Ortadoğu kültürü kendini yenilerken bunun hakikat devriminden geçtiğini de bilmek durumundadır. Hakikat devrimi bir zihniyet ve yaşam tarzı devrimidir. Kapitalist modernitenin ideolojik hegemonyasından ve yaşam tarzından kurtulma devrimidir. Dinlerin ilk doğduklarındaki elçi ve havarileri gibi yaşamayı bilmedikçe, hakikat peşinde koşmadıkça hakikat savaşı verilemez. Verilse de başarılamaz. Ortadoğu’nun; yenilenmiş kadın tanrıça bilgeliklerine, Musa, İsa ve Muhammedlere, Saint Paul’lara, Mani’lere, Veysel Karanilere, Hallacı Mansurlara, Suhreverdilere, Yunus Emrelere, Bruno’lara ihtiyacı vardır. Hakikat devrimi, eskilerin eskimeyen ama yenilenen mirasına sahip olmadan başarılamaz. Devrimler ve devrimciler ölmez, sadece miraslarına sahip çıkılarak yaşanabileceğini kanıtlar. Ortadoğu kültürü fikri-zikri-eylemi bütünleştirmenin kültürüdür ve bu yönden çok zengindir. Demokratik modernite bu kültüre, uygarlığın ve kapitalist modernitenin eleştirisini ekleyerek katkısını sunacak, tarihi rolünü oynayacaktır. Demokratik çağın hakikat militanı, bu kimliği kişiliğine kazıyan, yaşam mirasını özgürce yaşayan ve yaşatandır.
Uygarlığın karanlık çağlarında kadın derin bir yokluğu yaşamıştır. Aslında ben bu uygarlığı karanlık, buzlu, karlı bir çağ olarak görüyorum. Fakat 2000’li yılların başından itibaren kadın baharlaşması başlamıştır. Uygarlık tarihi boyunca kadın cinsine yönelik yalancılığa ve zorbalığa dayalı egemenliğe, sert kışına ve sert karına karşı karı ve buzu delen kardelenler gibi kadın özgürleşmeleri gerçekleşmektedir. Bunu kadın baharlaşması, kadın baharına doğru, sert kışa ve kara karşı çiçeklenme, kadının özgürlük hareketinin çiçeklenmesi olarak görüyorum.
Özgürlük, ekmek ve sudan daha değerlidir.

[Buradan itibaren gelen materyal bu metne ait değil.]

lemma represented_event_cyl_singleton:
  assumes tr_total: "\<And>x. x \<in> space M \<Longrightarrow> emeasure (tr x) (space Ainf) = emeasure (\<alpha> x) (space (L M))"
    and tr_eps: "\<And>x. x \<in> space M \<Longrightarrow> emeasure (tr x) {eps} = emeasure (\<alpha> x) {Inr ()}"
    and tr_cyl: "\<And>x a w. x \<in> space M \<Longrightarrow>
       emeasure (tr x) (cyl (a # w)) = (\<integral>\<^sup>+ y. emeasure (tr y) (cyl w) \<partial>(t_a M \<alpha> a x))"
    and tr_fin: "\<And>x a w. x \<in> space M \<Longrightarrow>
       emeasure (tr x) {Inl (a # w)} = (\<integral>\<^sup>+ y. emeasure (tr y) {Inl w} \<partial>(t_a M \<alpha> a x))"
  shows "represented_event M sem tr (cyl w) \<and> represented_event M sem tr {Inl w}"
proof (induction w)
  case Nil
  have "represented_event M sem tr (space Ainf)"
    by (rule represented_eventI_alpha[OF sets.top sets.top tr_total measure_sem_space])
  moreover have "represented_event M sem tr {eps}"
    by (rule represented_eventI_alpha[OF _ Inr_in_sets_L tr_eps measure_sem_eps])
       (simp_all add: eps_def)
  ultimately show ?case by (simp add: cyl_Nil eps_def)
next
  case (Cons a w)
  then show ?case
    using represented_event_wcons[of tr "cyl w" a] represented_event_wcons[of tr "{Inl w}" a]
    by (simp add: wcons_image_cyl tr_cyl tr_fin)
qed

end

lemma emeasure_sem_return:
  assumes "represented_event M sem tr S" and "x \<in> space M"
  shows "emeasure (sem (return M x)) S = emeasure (tr x) S"
proof -
  have "return M x \<in> space (subprob_algebra M)"
    using assms(2) by (simp add: space_subprob_algebra subprob_space_return)
  then have "emeasure (sem (return M x)) S = (\<integral>\<^sup>+y. emeasure (tr y) S \<partial>return M x)"
    using assms(1) unfolding represented_event_def by blast
  also have "\<dots> = emeasure (tr x) S"
    using assms unfolding represented_event_def by (intro nn_integral_return) auto
  finally show ?thesis .
qed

Kadın özgürleşmesini Ortadoğu’da zeka, savunma, güzellik temelinde baharla birlikte bir güneş gibi yaratacağınıza inanıyorum. Bu topraklar nasıl ana tanrıçayı yaratmışsa şimdi de özgür kadını yaratacaktır. Cesur ve güzel bir çabadır. Başaracaklarına inanıyorum, bu temelde onları kutluyorum.